WORK TASK: Exact repetition of every record is required.

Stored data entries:
━━━━
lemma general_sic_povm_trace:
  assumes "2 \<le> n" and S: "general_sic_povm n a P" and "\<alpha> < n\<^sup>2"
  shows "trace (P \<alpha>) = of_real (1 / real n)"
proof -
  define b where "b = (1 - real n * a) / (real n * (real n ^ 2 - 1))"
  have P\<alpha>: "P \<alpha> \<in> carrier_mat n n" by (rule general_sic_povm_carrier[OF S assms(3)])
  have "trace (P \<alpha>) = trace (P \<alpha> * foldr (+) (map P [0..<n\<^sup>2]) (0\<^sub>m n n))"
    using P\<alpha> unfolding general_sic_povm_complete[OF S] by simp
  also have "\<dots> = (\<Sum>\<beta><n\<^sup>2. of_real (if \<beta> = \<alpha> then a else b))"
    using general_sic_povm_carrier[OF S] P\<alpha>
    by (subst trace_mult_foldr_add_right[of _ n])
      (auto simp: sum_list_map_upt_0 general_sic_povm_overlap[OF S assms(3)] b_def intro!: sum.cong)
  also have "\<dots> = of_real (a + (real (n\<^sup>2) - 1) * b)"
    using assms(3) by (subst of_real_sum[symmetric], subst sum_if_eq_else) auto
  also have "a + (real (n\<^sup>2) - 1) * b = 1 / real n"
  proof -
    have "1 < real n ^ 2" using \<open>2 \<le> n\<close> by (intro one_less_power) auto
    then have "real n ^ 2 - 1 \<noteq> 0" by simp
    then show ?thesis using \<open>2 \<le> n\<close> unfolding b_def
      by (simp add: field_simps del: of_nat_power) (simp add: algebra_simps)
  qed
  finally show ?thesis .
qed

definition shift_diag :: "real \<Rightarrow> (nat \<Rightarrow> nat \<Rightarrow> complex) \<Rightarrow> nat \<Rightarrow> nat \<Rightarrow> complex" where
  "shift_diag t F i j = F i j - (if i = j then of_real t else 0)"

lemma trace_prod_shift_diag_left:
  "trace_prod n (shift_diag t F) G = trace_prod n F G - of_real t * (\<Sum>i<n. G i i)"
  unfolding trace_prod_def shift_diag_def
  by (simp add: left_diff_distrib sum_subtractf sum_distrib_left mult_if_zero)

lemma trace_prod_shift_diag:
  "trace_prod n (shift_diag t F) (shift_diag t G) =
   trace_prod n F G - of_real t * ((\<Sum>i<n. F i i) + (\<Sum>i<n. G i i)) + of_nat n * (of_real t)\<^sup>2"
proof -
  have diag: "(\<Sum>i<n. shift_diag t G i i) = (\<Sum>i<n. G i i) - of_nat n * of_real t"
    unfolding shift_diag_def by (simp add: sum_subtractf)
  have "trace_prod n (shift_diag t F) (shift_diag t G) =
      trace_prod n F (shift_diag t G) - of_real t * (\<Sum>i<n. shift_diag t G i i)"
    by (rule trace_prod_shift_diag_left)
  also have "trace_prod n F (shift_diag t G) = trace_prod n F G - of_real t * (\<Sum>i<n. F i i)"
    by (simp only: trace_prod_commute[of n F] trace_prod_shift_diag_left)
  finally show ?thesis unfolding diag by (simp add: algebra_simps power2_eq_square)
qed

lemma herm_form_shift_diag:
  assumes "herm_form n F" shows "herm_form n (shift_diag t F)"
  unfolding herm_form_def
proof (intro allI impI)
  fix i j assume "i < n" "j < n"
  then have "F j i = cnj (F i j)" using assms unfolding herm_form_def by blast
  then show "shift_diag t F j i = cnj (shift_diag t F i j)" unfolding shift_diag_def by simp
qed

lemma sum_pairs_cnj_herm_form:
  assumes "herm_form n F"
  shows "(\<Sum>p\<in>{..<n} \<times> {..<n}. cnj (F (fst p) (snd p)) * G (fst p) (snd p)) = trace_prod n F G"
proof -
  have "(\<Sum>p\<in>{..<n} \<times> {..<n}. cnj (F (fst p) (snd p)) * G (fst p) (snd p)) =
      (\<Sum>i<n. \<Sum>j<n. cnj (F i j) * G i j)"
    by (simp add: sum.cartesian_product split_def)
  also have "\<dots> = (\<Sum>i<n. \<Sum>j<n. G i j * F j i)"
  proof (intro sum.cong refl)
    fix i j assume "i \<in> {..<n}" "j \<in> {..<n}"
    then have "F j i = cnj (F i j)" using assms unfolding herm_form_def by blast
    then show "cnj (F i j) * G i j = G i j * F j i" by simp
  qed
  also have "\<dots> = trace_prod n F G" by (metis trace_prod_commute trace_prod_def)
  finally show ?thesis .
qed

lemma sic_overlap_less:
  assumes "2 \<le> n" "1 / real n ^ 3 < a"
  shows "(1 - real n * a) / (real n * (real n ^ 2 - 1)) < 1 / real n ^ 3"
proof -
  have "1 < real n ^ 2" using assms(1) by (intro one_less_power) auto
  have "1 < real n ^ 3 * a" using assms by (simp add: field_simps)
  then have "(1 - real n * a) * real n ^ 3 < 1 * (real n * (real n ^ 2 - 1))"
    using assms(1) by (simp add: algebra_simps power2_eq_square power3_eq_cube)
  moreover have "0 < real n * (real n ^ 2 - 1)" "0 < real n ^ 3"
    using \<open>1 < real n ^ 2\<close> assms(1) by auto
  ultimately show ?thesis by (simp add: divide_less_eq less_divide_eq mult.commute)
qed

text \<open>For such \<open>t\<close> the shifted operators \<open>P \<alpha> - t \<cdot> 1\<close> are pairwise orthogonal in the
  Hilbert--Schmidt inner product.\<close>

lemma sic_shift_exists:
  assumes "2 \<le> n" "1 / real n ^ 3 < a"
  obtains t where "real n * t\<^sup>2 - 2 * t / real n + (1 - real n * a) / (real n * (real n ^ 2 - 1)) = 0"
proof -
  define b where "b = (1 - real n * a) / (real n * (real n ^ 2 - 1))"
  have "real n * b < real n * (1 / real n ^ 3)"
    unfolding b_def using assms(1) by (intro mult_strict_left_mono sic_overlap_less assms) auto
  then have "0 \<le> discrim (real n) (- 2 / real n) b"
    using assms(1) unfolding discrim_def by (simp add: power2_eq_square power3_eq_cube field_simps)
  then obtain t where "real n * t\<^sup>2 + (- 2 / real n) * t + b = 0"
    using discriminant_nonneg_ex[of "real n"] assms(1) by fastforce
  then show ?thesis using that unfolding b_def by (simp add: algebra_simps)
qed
━━━━
TASK RESULT:
lemma general_sic_povm_trace:
  assumes "2 \<le> n" and S: "general_sic_povm n a P" and "\<alpha> < n\<^sup>2"
  shows "trace (P \<alpha>) = of_real (1 / real n)"
proof -
  define b where "b = (1 - real n * a) / (real n * (real n ^ 2 - 1))"
  have P\<alpha>: "P \<alpha> \<in> carrier_mat n n" by (rule general_sic_povm_carrier[OF S assms(3)])
  have "trace (P \<alpha>) = trace (P \<alpha> * foldr (+) (map P [0..<n\<^sup>2]) (0\<^sub>m n n))"
    using P\<alpha> unfolding general_sic_povm_complete[OF S] by simp
  also have "\<dots> = (\<Sum>\<beta><n\<^sup>2. of_real (if \<beta> = \<alpha> then a else b))"
    using general_sic_povm_carrier[OF S] P\<alpha>
    by (subst trace_mult_foldr_add_right[of _ n])
      (auto simp: sum_list_map_upt_0 general_sic_povm_overlap[OF S assms(3)] b_def intro!: sum.cong)
  also have "\<dots> = of_real (a + (real (n\<^sup>2) - 1) * b)"
    using assms(3) by (subst of_real_sum[symmetric], subst sum_if_eq_else) auto
  also have "a + (real (n\<^sup>2) - 1) * b = 1 / real n"
  proof -
    have "1 < real n ^ 2" using \<open>2 \<le> n\<close> by (intro one_less_power) auto
    then have "real n ^ 2 - 1 \<noteq> 0" by simp
    then show ?thesis using \<open>2 \<le> n\<close> unfolding b_def
      by (simp add: field_simps del: of_nat_power) (simp add: algebra_simps)
  qed
  finally show ?thesis .
qed

definition shift_diag :: "real \<Rightarrow> (nat \<Rightarrow> nat \<Rightarrow> complex) \<Rightarrow> nat \<Rightarrow> nat \<Rightarrow> complex" where
  "shift_diag t F i j = F i j - (if i = j then of_real t else 0)"

lemma trace_prod_shift_diag_left:
  "trace_prod n (shift_diag t F) G = trace_prod n F G - of_real t * (\<Sum>i<n. G i i)"
  unfolding trace_prod_def shift_diag_def
  by (simp add: left_diff_distrib sum_subtractf sum_distrib_left mult_if_zero)

lemma trace_prod_shift_diag:
  "trace_prod n (shift_diag t F) (shift_diag t G) =
   trace_prod n F G - of_real t * ((\<Sum>i<n. F i i) + (\<Sum>i<n. G i i)) + of_nat n * (of_real t)\<^sup>2"
proof -
  have diag: "(\<Sum>i<n. shift_diag t G i i) = (\<Sum>i<n. G i i) - of_nat n * of_real t"
    unfolding shift_diag_def by (simp add: sum_subtractf)
  have "trace_prod n (shift_diag t F) (shift_diag t G) =
      trace_prod n F (shift_diag t G) - of_real t * (\<Sum>i<n. shift_diag t G i i)"
    by (rule trace_prod_shift_diag_left)
  also have "trace_prod n F (shift_diag t G) = trace_prod n F G - of_real t * (\<Sum>i<n. F i i)"
    by (simp only: trace_prod_commute[of n F] trace_prod_shift_diag_left)
  finally show ?thesis unfolding diag by (simp add: algebra_simps power2_eq_square)
qed

lemma herm_form_shift_diag:
  assumes "herm_form n F" shows "herm_form n (shift_diag t F)"
  unfolding herm_form_def
proof (intro allI impI)
  fix i j assume "i < n" "j < n"
  then have "F j i = cnj (F i j)" using assms unfolding herm_form_def by blast
  then show "shift_diag t F j i = cnj (shift_diag t F i j)" unfolding shift_diag_def by simp
qed

lemma sum_pairs_cnj_herm_form:
  assumes "herm_form n F"
  shows "(\<Sum>p\<in>{..<n} \<times> {..<n}. cnj (F (fst p) (snd p)) * G (fst p) (snd p)) = trace_prod n F G"
proof -
  have "(\<Sum>p\<in>{..<n} \<times> {..<n}. cnj (F (fst p) (snd p)) * G (fst p) (snd p)) =
      (\<Sum>i<n. \<Sum>j<n. cnj (F i j) * G i j)"
    by (simp add: sum.cartesian_product split_def)
  also have "\<dots> = (\<Sum>i<n. \<Sum>j<n. G i j * F j i)"
  proof (intro sum.cong refl)
    fix i j assume "i \<in> {..<n}" "j \<in> {..<n}"
    then have "F j i = cnj (F i j)" using assms unfolding herm_form_def by blast
    then show "cnj (F i j) * G i j = G i j * F j i" by simp
  qed
  also have "\<dots> = trace_prod n F G" by (metis trace_prod_commute trace_prod_def)
  finally show ?thesis .
qed

lemma sic_overlap_less:
  assumes "2 \<le> n" "1 / real n ^ 3 < a"
  shows "(1 - real n * a) / (real n * (real n ^ 2 - 1)) < 1 / real n ^ 3"
proof -
  have "1 < real n ^ 2" using assms(1) by (intro one_less_power) auto
  have "1 < real n ^ 3 * a" using assms by (simp add: field_simps)
  then have "(1 - real n * a) * real n ^ 3 < 1 * (real n * (real n ^ 2 - 1))"
    using assms(1) by (simp add: algebra_simps power2_eq_square power3_eq_cube)
  moreover have "0 < real n * (real n ^ 2 - 1)" "0 < real n ^ 3"
    using \<open>1 < real n ^ 2\<close> assms(1) by auto
  ultimately show ?thesis by (simp add: divide_less_eq less_divide_eq mult.commute)
qed

text \<open>For such \<open>t\<close> the shifted operators \<open>P \<alpha> - t \<cdot> 1\<close> are pairwise orthogonal in the
  Hilbert--Schmidt inner product.\<close>

lemma sic_shift_exists:
  assumes "2 \<le> n" "1 / real n ^ 3 < a"
  obtains t where "real n * t\<^sup>2 - 2 * t / real n + (1 - real n * a) / (real n * (real n ^ 2 - 1)) = 0"
proof -
  define b where "b = (1 - real n * a) / (real n * (real n ^ 2 - 1))"
  have "real n * b < real n * (1 / real n ^ 3)"
    unfolding b_def using assms(1) by (intro mult_strict_left_mono sic_overlap_less assms) auto
  then have "0 \<le> discrim (real n) (- 2 / real n) b"
    using assms(1) unfolding discrim_def by (simp add: power2_eq_square power3_eq_cube field_simps)
  then obtain t where "real n * t\<^sup>2 + (- 2 / real n) * t + b = 0"
    using discriminant_nonneg_ex[of "real n"] assms(1) by fastforce
  then show ?thesis using that unfolding b_def by (simp add: algebra_simps)
qed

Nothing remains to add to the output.